At 11 years old I began writing a novel about a large family, but abandoned it after I had filled an entire scribbler without being able to get the heroine out of bed and downstairs for breakfast. I concluded that if I was going to write, there were a few things about writing and life I had yet to learn, and left home at the age of 15. I have been employed as a waitress and sales clerk, filing clerk, information writer, office manager and a volunteer in an inner-city program and an events organizer. One of the first events I organized was a Book Fair and I invited the venerable author WO Mitchell to be the star attraction so that I could meet him. I wanted to talk about writing. WO Mitchell, so impressed by the success of the Book Fair and my management, fondly referred to me thereafter as Atilla the Hun.
By the age of 35, I could no longer not write, and so I began by enrolling
in creative writing at the University of Winnipeg. Five years later Turnstone
Press published my first book, Night Travellers, and 2 years later, Ladies
of the House. Both books are now published in a single volume as Agassiz
Stories. These stories reflect my haphazard journey to adulthood,
the uncertainly of living on a flood plain, and the conflict of my parent's
cultures.
Since then I have published 6 novels and 3 collections of short fiction and
written for television, theatre and radio. I have become an editor of fiction,
and a mentor in the Humber College Correspondence School of Writing. I have
been extremely fortunate in that my books have been reviewed widely and most
favourably, and nominated for many prestigious prizes.(Medals
and Ribbons) My work has been recognized and awarded by
The Canada Council For the Arts, The Manitoba Arts Council and The Saskatchewan
Arts Board.
I have been writer in residence at the University of Alberta, the Universities
of Prince Edward Island, Vancouver, Winnipeg, British Columbia, Lethbridge,
the universities of Waterloo and McMaster, and public libraries in both Manitoba
and Saskatchewan. I am a founder of the Manitoba Writers' Guild, member of
the Saskatchewan Writers Guild and The Writers' Union of Canada. I am a member
of the Manitoba Metis Federation.
Throughout my writing life I have been pleased to be able to serve on numerous
volunteer arts related boards engaged in the advancement and funding of the
arts in Canada. I have been invited to attend conferences and readings in
countries such as the Harbourfront International Festival of Authors, the
Winnipeg and Vancouver literary festivals, the University of Messina and Ca'
Foscari, Italy, Canada House in London, England, Nottingham, Washington State
University, University of Upper State New York, University of North Dakota.

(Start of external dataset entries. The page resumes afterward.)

lemma fibre_sum_dvd:
  assumes p: "prime p" and d: "0 < d" and \<mu>: "\<forall>y. is_basis p d y \<longrightarrow> \<mu> \<in> basis_ideal p d y"
    and c: "c \<in> box p d n"
  shows "int p ^ n dvd (\<Sum>b\<in>fibre p d (n + d * n) n c. \<mu> (n + d * n) b)"
proof -
  let ?N = "n + d * n" and ?I = "\<lambda>i l. of_bool (i = l) :: int"
  have p0: "0 < p" using p by (rule prime_gt_0_nat)
  have "int p ^ ?N dvd int p ^ (\<Sum>i<d. n) * sum (\<mu> ?N) (box p d ?N \<inter> cell p d ?I c (\<lambda>_. n))"
    using sum_cell_dvd_single[OF p0 \<mu>]
    by (intro sum_cell_dvd[OF p d finite_box _ dual_bases_id]) auto
  then have "int p ^ (d * n) * int p ^ n dvd int p ^ (d * n) * sum (\<mu> ?N) (fibre p d ?N n c)"
    by (simp add: fibre_eq_cell[OF c] power_add mult.commute)
  then show ?thesis using p0 by simp
qed

lemma eq_Iw_zero_if_mem_basis_ideals:
  assumes p: "prime p" and d: "0 < d" and \<mu>: "\<forall>y. is_basis p d y \<longrightarrow> \<mu> \<in> basis_ideal p d y"
  shows "\<mu> = Iw_zero"
proof -
  have p0: "0 < p" using p by (rule prime_gt_0_nat)
  let ?y = "rows_basis p d (\<lambda>i l. of_bool (i = l)) 0"
  have y: "\<forall>j<d - 1. ?y j \<in> Xgrp p d" using rows_basis_in_Xgrp[OF p0] by blast
  have \<mu>_y: "\<mu> \<in> basis_ideal p d ?y"
    using \<mu> is_basis_rows_basis[OF p0 dual_bases_id d] by blast
  have "\<mu> n c = 0" for n c
  proof (cases "c \<in> box p d n")
    case True
    have "[\<mu> n c = (\<Sum>b\<in>fibre p d (n + d * n) n c. \<mu> (n + d * n) b)] (mod int p ^ n)"
      using compatible_fibre_sum[OF p0 compatible_basis_ideal[OF p0 y \<mu>_y] True] by simp
    then have "int p ^ n dvd \<mu> n c"
      using fibre_sum_dvd[OF p d \<mu> True] by (simp add: cong_dvd_iff)
    then show ?thesis using basis_ideal_mod[OF \<mu>_y, of n c] by (simp add: dvd_eq_mod_eq_0)
  next
    case False
    then show ?thesis using basis_ideal_outside_box[OF \<mu>_y] by blast
  qed
  then show ?thesis by (simp add: Iw_zero_def fun_eq_iff)
qed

I am pleased to say that I eventually finished writing the novel I began when
I was 11 years old. And I did, at last, manage to get the heroine out of bed.
Children of the Day,
a story about a large family, was published in 2005 by
Random House Canada.
My greatest accomplishment in life is that I am mother
to three children, and grandmother to four grandchildren. I now live in Regina,
Saskatchewan with my life partner, a filmmaker, Jan Zarzycki. However, Winnipeg
remains my spiritual center, specifically, a certain rock at the forks of
the Assiniboine and the Red River.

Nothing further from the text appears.